Stored items:

text \<open>Pass to the matrix \<open>Bs\<close> whose columns are a basis of the column space of \<open>B\<close>:
  the column space of \<open>A * B\<close> lies in that of \<open>A * Bs\<close>, which has only \<open>rank B\<close> columns.\<close>
lemma rank_mult_le_right:
  assumes A: "A \<in> carrier_mat n n" and B: "B \<in> carrier_mat n nc"
  shows "rank (A * B) \<le> rank B"
proof -
  obtain S where "finite S" and S: "S \<subseteq> col_space B" "card S = rank B"
    and span_S: "span S = col_space B"
    using col_space_basis_exists[OF B] by metis
  then obtain ss where ss: "set ss = S" "distinct ss" using finite_distinct_list by blast
  define Bs where "Bs = mat_of_cols n ss"
  have Bs: "Bs \<in> carrier_mat n (length ss)" unfolding Bs_def by auto
  have "cols Bs = ss"
    unfolding Bs_def using S(1) col_space_subset_carrier[OF B] ss by (intro cols_mat_of_cols) auto
  then have col_space_Bs: "col_space Bs = col_space B"
    by (simp only: col_space_def[of Bs] ss(1) span_S)
  have ABs: "A * Bs \<in> carrier_mat n (length ss)" using A Bs by auto
  have "col_space (A * B) \<subseteq> col_space (A * Bs)"
  proof
    fix y assume "y \<in> col_space (A * B)"
    then obtain x where x: "x \<in> carrier_vec nc" and y: "y = (A * B) *\<^sub>v x"
      using col_space_elem[OF mult_carrier_mat[OF A B]] by metis
    have "B *\<^sub>v x \<in> col_space Bs" using mult_mat_vec_in_col_space[OF B x] col_space_Bs by simp
    then obtain c where c: "c \<in> carrier_vec (length ss)" and Bx: "B *\<^sub>v x = Bs *\<^sub>v c"
      using col_space_elem[OF Bs] by metis
    have "y = A *\<^sub>v (B *\<^sub>v x)" using y A B x by (simp add: assoc_mult_mat_vec)
    also have "\<dots> = (A * Bs) *\<^sub>v c" unfolding Bx using A Bs c by (simp add: assoc_mult_mat_vec)
    finally show "y \<in> col_space (A * Bs)" using mult_mat_vec_in_col_space[OF ABs c] by simp
  qed
  then have "rank (A * B) \<le> rank (A * Bs)"
    using rank_le_rank_if_col_space_subset[OF mult_carrier_mat[OF A B] ABs] by auto
  also have "\<dots> \<le> length ss" by (rule rank_le_nc[OF ABs])
  also have "\<dots> = rank B" using S(2) ss distinct_card by fastforce
  finally show ?thesis .
qed

lemma rank_uminus:
  assumes A: "A \<in> carrier_mat n n"
  shows "rank (- A) = rank A"
proof -
  have "- A = A * (- 1\<^sub>m n)" "A = (- A) * (- 1\<^sub>m n)" using A by auto
  then show ?thesis
    using rank_mult_le_left[OF A, of "- 1\<^sub>m n" n] rank_mult_le_left[of "- A" n "- 1\<^sub>m n" n] A
    by (metis le_antisym uminus_carrier_mat one_carrier_mat)
qed

lemma rank_one_mat: "rank (1\<^sub>m n) = n"
  using det_rank_iff[of "1\<^sub>m n"] by simp

lemma rank_eq_if_col_space_full:
  assumes A: "A \<in> carrier_mat n n" and "col_space A = carrier_vec n"
  shows "rank A = n"
proof -
  let ?E = "set (unit_vecs n) :: 'a vec set"
  have li: "lin_indpt ?E" using unit_vecs_basis unfolding basis_def by blast
  have "?E \<subseteq> col_space A" unfolding assms(2) unit_vecs_def by auto
  from card_le_rank_if_lin_indpt[OF A this li] have "card ?E \<le> rank A" .
  moreover have "card ?E = n" using distinct_card[OF unit_vecs_distinct] by simp
  ultimately show ?thesis using rank_le_nc[OF A] by simp
qed

lemma rank_less_if_col_space_extends:
  assumes A: "A \<in> carrier_mat n n" and B: "B \<in> carrier_mat n n"
    and sub: "col_space A \<subseteq> col_space B" and "u \<in> col_space B" "u \<notin> col_space A"
  shows "rank A < rank B"
proof -
  obtain S where "finite S" and S: "S \<subseteq> col_space A" "lin_indpt S" "card S = rank A"
    and span_S: "span S = col_space A" using col_space_basis_exists[OF A] by metis
  have S_carrier: "S \<subseteq> carrier_vec n" using S(1) col_space_subset_carrier[OF A] by auto
  have u: "u \<in> carrier_vec n" using assms(4) col_space_subset_carrier[OF B] by auto
  have "u \<notin> S" using assms(5) S(1) by auto
  then have "lin_indpt (insert u S)"
    using lin_dep_iff_in_span[OF S_carrier S(2) u] assms(5) span_S by simp
  moreover have "insert u S \<subseteq> col_space B" using S(1) sub assms(4) by auto
  ultimately have "card (insert u S) \<le> rank B" using card_le_rank_if_lin_indpt[OF B] by blast
  then show ?thesis using \<open>finite S\<close> \<open>u \<notin> S\<close> S(3) by simp
qed

lemma rank_one_mat_exists:
  assumes u: "u \<in> carrier_vec n" and "i < n" "c \<noteq> 0"
  obtains E where "E \<in> carrier_mat n n" "rank E \<le> 1"
    "\<And>w. w \<in> carrier_vec n \<Longrightarrow> E *\<^sub>v w = (w $ i / c) \<cdot>\<^sub>v u"
proof
  define g where "g = (\<lambda>j. if j = i then inverse c else 0)"
  define E where "E = mat n n (\<lambda>(r, j). u $ r * g j)"
  show E: "E \<in> carrier_mat n n" unfolding E_def by auto
  show "rank E \<le> 1"
    by (rule rank_le_1_product_entries[OF E, of "\<lambda>r. u $ r" g]) (auto simp: E_def)
  fix w :: "'a vec" assume w: "w \<in> carrier_vec n"
  show "E *\<^sub>v w = (w $ i / c) \<cdot>\<^sub>v u"
  proof (rule eq_vecI)
    fix r assume "r < dim_vec ((w $ i / c) \<cdot>\<^sub>v u)"
    then have r: "r < n" using u by simp
    have "(E *\<^sub>v w) $ r = (\<Sum>j\<in>{0..<n}. u $ r * g j * w $ j)"
      using r w unfolding E_def by (simp add: scalar_prod_def)
    also have "\<dots> = u $ r * inverse c * w $ i"
      using \<open>i < n\<close> by (simp add: g_def if_distrib if_distribR cong: if_cong)
    finally show "(E *\<^sub>v w) $ r = ((w $ i / c) \<cdot>\<^sub>v u) $ r" using r u by (simp add: field_simps)
  qed (use E u in simp)
qed

text \<open>If \<open>A x = 0\<close> with \<open>x\<^sub>i \<noteq> 0\<close> and \<open>u \<notin> col_space A\<close>, the rank-one matrix
  \<open>E = u e\<^sub>i\<^sup>T / x\<^sub>i\<close> gives \<open>(A + E) x = u\<close>, while \<open>A + E\<close> agrees with \<open>A\<close> on the
  hyperplane \<open>w\<^sub>i = 0\<close>, which \<open>A\<close> maps onto its column space.\<close>
lemma rank_increase_by_rank_one:
  assumes A: "A \<in> carrier_mat n n" and "rank A < n"
  obtains E where "E \<in> carrier_mat n n" "rank E \<le> 1" "rank A < rank (A + E)"
proof -
  have "det A = 0" using det_rank_iff[OF A] \<open>rank A < n\<close> by simp
  then obtain x where x: "x \<in> carrier_vec n" "x \<noteq> 0\<^sub>v n" "A *\<^sub>v x = 0\<^sub>v n"
    using det_0_iff_vec_prod_zero_field[OF A] by blast
  then obtain i where i: "i < n" "x $ i \<noteq> 0" by (metis eq_vecI carrier_vecD index_zero_vec)
  have "col_space A \<noteq> carrier_vec n" using rank_eq_if_col_space_full[OF A] \<open>rank A < n\<close> by auto
  then obtain u where u: "u \<in> carrier_vec n" "u \<notin> col_space A"
    using col_space_subset_carrier[OF A] by blast
  obtain E where E: "E \<in> carrier_mat n n" "rank E \<le> 1"
    and Ew: "\<And>w. w \<in> carrier_vec n \<Longrightarrow> E *\<^sub>v w = (w $ i / x $ i) \<cdot>\<^sub>v u"
    using rank_one_mat_exists[OF u(1) i] by metis
  have AE: "A + E \<in> carrier_mat n n" using A E by auto
  have AEw: "(A + E) *\<^sub>v w = A *\<^sub>v w + (w $ i / x $ i) \<cdot>\<^sub>v u" if "w \<in> carrier_vec n" for w
    using add_mult_distrib_mat_vec[OF A E(1) that] Ew[OF that] by simp
  have "(A + E) *\<^sub>v x = u" unfolding AEw[OF x(1)] x(3) using i u by simp
  then have u_in: "u \<in> col_space (A + E)" using mult_mat_vec_in_col_space[OF AE x(1)] by simp
  have "col_space A \<subseteq> col_space (A + E)"
  proof
    fix y assume "y \<in> col_space A"
    then obtain v where v: "v \<in> carrier_vec n" and y: "y = A *\<^sub>v v"
      using col_space_elem[OF A] by metis
    define w where "w = v - (v $ i / x $ i) \<cdot>\<^sub>v x"
    have w: "w \<in> carrier_vec n" and "w $ i = 0" unfolding w_def using v x i by auto
    have "A *\<^sub>v w = A *\<^sub>v v - (v $ i / x $ i) \<cdot>\<^sub>v (A *\<^sub>v x)"
      unfolding w_def using A v x by (simp add: mult_minus_distrib_mat_vec mult_mat_vec)
    then have "A *\<^sub>v w = y" using x(3) y A v by simp
    then have "(A + E) *\<^sub>v w = y" unfolding AEw[OF w] \<open>w $ i = 0\<close> using y A v u by simp
    then show "y \<in> col_space (A + E)" using mult_mat_vec_in_col_space[OF AE w] by simp
  qed
  then show ?thesis using that E rank_less_if_col_space_extends[OF A AE _ u_in u(2)] by blast
qed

EXERCISE DIRECTIONS: Look over the entries for "assumes", then copy every line that includes that string.

EXERCISE RESULT:
  assumes A: "A \<in> carrier_mat n n" and B: "B \<in> carrier_mat n nc"
  assumes A: "A \<in> carrier_mat n n"
  assumes A: "A \<in> carrier_mat n n" and "col_space A = carrier_vec n"
  assumes A: "A \<in> carrier_mat n n" and B: "B \<in> carrier_mat n n"
  assumes u: "u \<in> carrier_vec n" and "i < n" "c \<noteq> 0"
  assumes A: "A \<in> carrier_mat n n" and "rank A < n"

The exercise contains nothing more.